_Problem statement_
Give again, word for word, every line below from the one that has "(A::'a::field^'n^'n) \<Longrightarrow> A" through the one that has "B) *v (matrix_inv", both included, and no others.

_Collected data entries_
____

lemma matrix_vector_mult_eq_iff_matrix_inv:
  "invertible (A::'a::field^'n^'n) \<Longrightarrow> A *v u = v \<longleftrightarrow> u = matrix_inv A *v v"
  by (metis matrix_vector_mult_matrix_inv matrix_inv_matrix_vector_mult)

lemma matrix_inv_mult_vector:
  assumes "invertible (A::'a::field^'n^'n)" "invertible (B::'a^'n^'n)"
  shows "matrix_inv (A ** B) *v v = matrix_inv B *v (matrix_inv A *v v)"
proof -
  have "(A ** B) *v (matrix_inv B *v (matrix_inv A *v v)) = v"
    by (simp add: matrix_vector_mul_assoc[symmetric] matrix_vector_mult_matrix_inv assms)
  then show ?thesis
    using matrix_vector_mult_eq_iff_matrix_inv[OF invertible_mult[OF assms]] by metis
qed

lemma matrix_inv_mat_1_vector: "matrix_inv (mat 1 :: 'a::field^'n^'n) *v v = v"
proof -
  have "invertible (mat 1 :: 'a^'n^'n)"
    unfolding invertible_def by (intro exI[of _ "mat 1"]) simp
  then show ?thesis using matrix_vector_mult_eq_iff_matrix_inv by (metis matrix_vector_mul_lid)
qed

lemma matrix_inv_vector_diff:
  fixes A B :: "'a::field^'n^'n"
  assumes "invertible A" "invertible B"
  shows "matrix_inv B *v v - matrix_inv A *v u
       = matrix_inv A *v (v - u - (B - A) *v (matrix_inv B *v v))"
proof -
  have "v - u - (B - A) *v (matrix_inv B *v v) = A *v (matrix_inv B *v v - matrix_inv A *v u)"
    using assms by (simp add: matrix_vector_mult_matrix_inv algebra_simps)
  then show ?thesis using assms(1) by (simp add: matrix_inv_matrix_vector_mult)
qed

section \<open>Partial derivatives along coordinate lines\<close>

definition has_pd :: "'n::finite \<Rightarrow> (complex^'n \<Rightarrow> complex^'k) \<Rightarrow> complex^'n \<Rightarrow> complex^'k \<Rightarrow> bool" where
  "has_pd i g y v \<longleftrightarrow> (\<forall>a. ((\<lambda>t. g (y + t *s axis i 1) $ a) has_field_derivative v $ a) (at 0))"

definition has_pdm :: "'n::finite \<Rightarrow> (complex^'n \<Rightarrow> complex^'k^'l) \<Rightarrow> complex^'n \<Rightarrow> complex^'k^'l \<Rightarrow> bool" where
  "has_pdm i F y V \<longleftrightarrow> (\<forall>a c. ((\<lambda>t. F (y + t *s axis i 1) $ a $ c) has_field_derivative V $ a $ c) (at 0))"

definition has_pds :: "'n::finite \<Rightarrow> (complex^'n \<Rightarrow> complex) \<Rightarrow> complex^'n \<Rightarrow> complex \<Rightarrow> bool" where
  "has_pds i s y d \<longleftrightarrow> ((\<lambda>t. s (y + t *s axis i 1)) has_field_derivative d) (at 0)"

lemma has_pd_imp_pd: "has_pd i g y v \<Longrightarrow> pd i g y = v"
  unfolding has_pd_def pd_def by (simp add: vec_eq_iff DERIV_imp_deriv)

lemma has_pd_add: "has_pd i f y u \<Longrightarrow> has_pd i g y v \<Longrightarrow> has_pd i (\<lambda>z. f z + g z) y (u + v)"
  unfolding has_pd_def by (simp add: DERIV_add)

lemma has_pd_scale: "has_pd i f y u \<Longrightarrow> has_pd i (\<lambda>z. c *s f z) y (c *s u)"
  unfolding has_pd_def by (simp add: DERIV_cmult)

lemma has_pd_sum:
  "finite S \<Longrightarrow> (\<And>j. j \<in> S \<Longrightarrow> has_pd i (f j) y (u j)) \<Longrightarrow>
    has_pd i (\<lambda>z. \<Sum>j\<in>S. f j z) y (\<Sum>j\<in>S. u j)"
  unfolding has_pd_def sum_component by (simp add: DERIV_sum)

____

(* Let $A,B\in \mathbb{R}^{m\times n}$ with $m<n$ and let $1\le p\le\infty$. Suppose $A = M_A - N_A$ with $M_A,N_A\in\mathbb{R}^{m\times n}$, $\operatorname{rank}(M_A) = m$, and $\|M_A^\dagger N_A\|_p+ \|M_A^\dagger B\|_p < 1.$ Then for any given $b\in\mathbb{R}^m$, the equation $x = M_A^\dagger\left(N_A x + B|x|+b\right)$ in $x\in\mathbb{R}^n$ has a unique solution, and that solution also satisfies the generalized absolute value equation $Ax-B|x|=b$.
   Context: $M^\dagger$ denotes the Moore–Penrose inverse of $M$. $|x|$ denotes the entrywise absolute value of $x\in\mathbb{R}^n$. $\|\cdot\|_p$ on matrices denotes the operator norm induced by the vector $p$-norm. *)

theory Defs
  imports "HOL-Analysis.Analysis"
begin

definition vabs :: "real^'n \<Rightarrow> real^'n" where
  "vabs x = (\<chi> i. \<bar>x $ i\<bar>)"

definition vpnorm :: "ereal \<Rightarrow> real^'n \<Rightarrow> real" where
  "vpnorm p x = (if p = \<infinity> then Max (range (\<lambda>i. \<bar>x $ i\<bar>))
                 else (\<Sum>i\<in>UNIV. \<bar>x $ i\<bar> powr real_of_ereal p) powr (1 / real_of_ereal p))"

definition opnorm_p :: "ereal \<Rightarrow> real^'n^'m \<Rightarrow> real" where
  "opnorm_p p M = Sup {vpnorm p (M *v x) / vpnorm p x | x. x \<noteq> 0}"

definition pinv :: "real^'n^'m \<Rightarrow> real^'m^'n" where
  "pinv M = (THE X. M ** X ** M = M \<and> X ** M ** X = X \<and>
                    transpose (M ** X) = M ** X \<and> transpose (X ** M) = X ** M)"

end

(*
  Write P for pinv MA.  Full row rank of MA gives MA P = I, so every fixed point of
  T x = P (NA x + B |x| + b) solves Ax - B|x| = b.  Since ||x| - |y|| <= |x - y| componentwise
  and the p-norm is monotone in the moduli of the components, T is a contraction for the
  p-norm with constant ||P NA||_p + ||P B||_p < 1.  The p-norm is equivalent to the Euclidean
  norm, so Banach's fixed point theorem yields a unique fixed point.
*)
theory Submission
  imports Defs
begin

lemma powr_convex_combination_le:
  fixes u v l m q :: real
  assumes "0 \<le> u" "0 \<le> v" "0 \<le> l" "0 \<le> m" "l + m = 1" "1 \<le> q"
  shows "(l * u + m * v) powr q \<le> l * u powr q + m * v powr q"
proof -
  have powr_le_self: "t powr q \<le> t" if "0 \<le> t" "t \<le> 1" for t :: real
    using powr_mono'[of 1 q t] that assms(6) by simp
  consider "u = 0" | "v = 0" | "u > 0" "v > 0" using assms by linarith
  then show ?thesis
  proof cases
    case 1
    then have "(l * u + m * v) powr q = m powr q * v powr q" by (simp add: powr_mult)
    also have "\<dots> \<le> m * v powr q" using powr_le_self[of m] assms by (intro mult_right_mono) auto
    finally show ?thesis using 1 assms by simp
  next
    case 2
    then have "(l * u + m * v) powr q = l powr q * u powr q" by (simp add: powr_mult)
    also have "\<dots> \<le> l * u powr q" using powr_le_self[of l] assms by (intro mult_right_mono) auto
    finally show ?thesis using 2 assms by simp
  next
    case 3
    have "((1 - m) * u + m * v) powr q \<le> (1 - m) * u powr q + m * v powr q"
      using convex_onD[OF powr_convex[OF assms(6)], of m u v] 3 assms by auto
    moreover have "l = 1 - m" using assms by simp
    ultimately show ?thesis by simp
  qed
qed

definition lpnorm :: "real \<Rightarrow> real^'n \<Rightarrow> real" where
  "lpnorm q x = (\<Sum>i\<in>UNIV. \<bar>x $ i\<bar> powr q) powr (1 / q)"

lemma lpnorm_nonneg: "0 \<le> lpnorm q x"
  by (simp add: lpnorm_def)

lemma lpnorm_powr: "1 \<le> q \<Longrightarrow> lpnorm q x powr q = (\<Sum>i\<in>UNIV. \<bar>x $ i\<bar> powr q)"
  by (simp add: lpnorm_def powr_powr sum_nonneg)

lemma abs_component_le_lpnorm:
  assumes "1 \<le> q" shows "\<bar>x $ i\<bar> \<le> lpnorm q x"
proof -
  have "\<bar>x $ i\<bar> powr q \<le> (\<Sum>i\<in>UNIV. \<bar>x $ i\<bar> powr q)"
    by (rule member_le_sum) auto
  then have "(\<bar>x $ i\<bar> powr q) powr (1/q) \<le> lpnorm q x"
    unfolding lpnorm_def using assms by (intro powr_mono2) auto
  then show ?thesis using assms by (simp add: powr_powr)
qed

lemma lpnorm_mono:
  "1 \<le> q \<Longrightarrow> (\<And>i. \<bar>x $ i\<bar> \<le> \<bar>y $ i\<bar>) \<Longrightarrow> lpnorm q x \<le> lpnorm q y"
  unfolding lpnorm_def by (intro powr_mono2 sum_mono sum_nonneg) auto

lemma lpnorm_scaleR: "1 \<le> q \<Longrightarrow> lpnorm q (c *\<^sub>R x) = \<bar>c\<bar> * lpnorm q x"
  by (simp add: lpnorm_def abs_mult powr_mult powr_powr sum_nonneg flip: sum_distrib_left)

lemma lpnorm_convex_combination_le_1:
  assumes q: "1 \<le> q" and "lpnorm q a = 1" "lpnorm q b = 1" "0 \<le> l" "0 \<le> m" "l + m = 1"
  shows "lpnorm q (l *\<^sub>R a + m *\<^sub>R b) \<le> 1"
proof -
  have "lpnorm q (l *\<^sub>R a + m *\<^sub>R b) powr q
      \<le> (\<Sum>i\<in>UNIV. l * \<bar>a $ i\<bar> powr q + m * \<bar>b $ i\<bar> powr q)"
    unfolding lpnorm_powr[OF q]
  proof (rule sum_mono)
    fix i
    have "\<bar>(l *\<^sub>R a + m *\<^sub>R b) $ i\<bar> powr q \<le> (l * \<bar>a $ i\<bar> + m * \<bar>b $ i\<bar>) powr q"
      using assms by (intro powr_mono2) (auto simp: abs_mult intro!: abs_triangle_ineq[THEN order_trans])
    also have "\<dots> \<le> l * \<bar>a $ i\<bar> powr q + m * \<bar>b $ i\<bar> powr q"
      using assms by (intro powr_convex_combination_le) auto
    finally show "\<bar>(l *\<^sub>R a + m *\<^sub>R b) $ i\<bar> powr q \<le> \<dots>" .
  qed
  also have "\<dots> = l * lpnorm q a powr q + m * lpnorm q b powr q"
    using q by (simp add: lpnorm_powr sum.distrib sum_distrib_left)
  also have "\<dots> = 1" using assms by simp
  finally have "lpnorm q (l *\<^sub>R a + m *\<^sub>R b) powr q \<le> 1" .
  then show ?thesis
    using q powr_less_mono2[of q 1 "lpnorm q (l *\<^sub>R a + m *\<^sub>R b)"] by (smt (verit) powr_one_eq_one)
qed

____

_Result of the exercise_
  "invertible (A::'a::field^'n^'n) \<Longrightarrow> A *v u = v \<longleftrightarrow> u = matrix_inv A *v v"
  by (metis matrix_vector_mult_matrix_inv matrix_inv_matrix_vector_mult)

lemma matrix_inv_mult_vector:
  assumes "invertible (A::'a::field^'n^'n)" "invertible (B::'a^'n^'n)"
  shows "matrix_inv (A ** B) *v v = matrix_inv B *v (matrix_inv A *v v)"
proof -
  have "(A ** B) *v (matrix_inv B *v (matrix_inv A *v v)) = v"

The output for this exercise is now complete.